### Work to be completed:
Take the entries below and print only the lines from the one with "using assms(3) by" through the one with "from L2[OF this]", exactly as they stand, both ends included.

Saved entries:
##########
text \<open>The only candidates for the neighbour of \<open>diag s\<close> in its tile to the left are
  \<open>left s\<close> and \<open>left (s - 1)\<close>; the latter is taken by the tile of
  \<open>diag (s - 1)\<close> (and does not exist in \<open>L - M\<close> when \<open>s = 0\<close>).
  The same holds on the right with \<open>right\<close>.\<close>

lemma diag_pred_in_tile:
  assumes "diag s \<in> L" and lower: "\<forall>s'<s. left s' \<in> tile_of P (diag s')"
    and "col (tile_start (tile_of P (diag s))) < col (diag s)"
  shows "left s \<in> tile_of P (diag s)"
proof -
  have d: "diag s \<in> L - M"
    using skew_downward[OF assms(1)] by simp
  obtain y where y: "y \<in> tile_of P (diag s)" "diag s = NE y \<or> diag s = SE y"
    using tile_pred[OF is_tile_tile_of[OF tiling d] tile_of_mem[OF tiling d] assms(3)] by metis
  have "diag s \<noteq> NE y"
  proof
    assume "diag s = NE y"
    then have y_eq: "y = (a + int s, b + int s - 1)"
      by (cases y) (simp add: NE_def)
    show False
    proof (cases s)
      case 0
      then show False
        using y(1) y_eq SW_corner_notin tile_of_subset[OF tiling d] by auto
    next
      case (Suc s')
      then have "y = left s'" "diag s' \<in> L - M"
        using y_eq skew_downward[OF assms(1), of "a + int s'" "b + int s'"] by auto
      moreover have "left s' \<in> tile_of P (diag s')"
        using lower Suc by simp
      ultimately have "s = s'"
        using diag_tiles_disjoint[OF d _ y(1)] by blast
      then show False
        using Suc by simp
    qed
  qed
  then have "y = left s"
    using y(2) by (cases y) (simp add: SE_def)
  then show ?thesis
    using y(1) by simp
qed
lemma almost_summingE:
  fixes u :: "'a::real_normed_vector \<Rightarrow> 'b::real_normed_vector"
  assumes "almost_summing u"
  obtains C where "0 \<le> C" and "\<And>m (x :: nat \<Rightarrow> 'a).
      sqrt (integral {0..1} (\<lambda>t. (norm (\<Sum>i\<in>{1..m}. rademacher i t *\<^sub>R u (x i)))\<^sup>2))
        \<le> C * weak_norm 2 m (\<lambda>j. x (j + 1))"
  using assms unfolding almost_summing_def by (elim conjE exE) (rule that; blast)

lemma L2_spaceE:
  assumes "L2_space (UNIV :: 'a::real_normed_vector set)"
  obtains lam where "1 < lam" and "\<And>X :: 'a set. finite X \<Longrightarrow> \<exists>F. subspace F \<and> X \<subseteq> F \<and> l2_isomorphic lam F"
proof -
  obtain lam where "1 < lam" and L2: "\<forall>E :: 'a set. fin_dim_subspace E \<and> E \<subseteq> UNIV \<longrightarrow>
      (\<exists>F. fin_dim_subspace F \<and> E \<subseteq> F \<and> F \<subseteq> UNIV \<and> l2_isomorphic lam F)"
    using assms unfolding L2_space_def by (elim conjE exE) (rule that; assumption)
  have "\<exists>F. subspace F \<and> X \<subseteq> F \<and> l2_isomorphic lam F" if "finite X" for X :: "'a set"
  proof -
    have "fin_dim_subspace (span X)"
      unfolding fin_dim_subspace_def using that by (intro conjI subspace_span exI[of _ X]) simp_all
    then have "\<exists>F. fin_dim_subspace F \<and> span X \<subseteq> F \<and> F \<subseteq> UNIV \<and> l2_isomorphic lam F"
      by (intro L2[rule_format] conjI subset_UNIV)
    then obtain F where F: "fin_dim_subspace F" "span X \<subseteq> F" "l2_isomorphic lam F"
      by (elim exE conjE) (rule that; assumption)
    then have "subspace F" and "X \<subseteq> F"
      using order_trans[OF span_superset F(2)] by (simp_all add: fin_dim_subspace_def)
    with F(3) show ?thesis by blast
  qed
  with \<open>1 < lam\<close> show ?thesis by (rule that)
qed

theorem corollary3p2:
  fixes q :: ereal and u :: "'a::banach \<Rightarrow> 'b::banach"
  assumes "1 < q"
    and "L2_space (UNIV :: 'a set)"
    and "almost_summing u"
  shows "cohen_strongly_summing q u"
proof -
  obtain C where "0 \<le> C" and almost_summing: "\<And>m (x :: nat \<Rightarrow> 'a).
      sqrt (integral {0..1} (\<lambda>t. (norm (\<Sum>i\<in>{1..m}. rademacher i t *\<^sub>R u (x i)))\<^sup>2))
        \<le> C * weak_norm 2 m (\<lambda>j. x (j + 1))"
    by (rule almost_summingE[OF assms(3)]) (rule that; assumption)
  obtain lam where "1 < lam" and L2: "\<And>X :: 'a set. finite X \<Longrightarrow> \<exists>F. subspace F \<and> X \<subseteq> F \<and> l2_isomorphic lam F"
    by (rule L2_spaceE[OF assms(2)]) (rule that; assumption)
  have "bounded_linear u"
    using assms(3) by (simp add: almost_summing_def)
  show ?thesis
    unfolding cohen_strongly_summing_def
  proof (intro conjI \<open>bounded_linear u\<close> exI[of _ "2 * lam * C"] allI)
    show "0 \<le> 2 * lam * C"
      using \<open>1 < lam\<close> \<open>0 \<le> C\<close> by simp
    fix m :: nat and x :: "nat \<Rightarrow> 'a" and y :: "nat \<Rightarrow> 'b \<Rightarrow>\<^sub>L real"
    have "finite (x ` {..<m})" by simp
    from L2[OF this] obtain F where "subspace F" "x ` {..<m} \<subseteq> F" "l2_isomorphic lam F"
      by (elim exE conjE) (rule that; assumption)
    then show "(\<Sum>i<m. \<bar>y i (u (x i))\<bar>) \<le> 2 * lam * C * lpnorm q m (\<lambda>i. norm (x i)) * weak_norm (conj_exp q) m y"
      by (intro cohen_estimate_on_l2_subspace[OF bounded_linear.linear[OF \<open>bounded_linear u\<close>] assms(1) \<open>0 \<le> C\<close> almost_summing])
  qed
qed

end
##########
### Result below:
    using assms(3) by (simp add: almost_summing_def)
  show ?thesis
    unfolding cohen_strongly_summing_def
  proof (intro conjI \<open>bounded_linear u\<close> exI[of _ "2 * lam * C"] allI)
    show "0 \<le> 2 * lam * C"
      using \<open>1 < lam\<close> \<open>0 \<le> C\<close> by simp
    fix m :: nat and x :: "nat \<Rightarrow> 'a" and y :: "nat \<Rightarrow> 'b \<Rightarrow>\<^sub>L real"
    have "finite (x ` {..<m})" by simp
    from L2[OF this] obtain F where "subspace F" "x ` {..<m} \<subseteq> F" "l2_isomorphic lam F"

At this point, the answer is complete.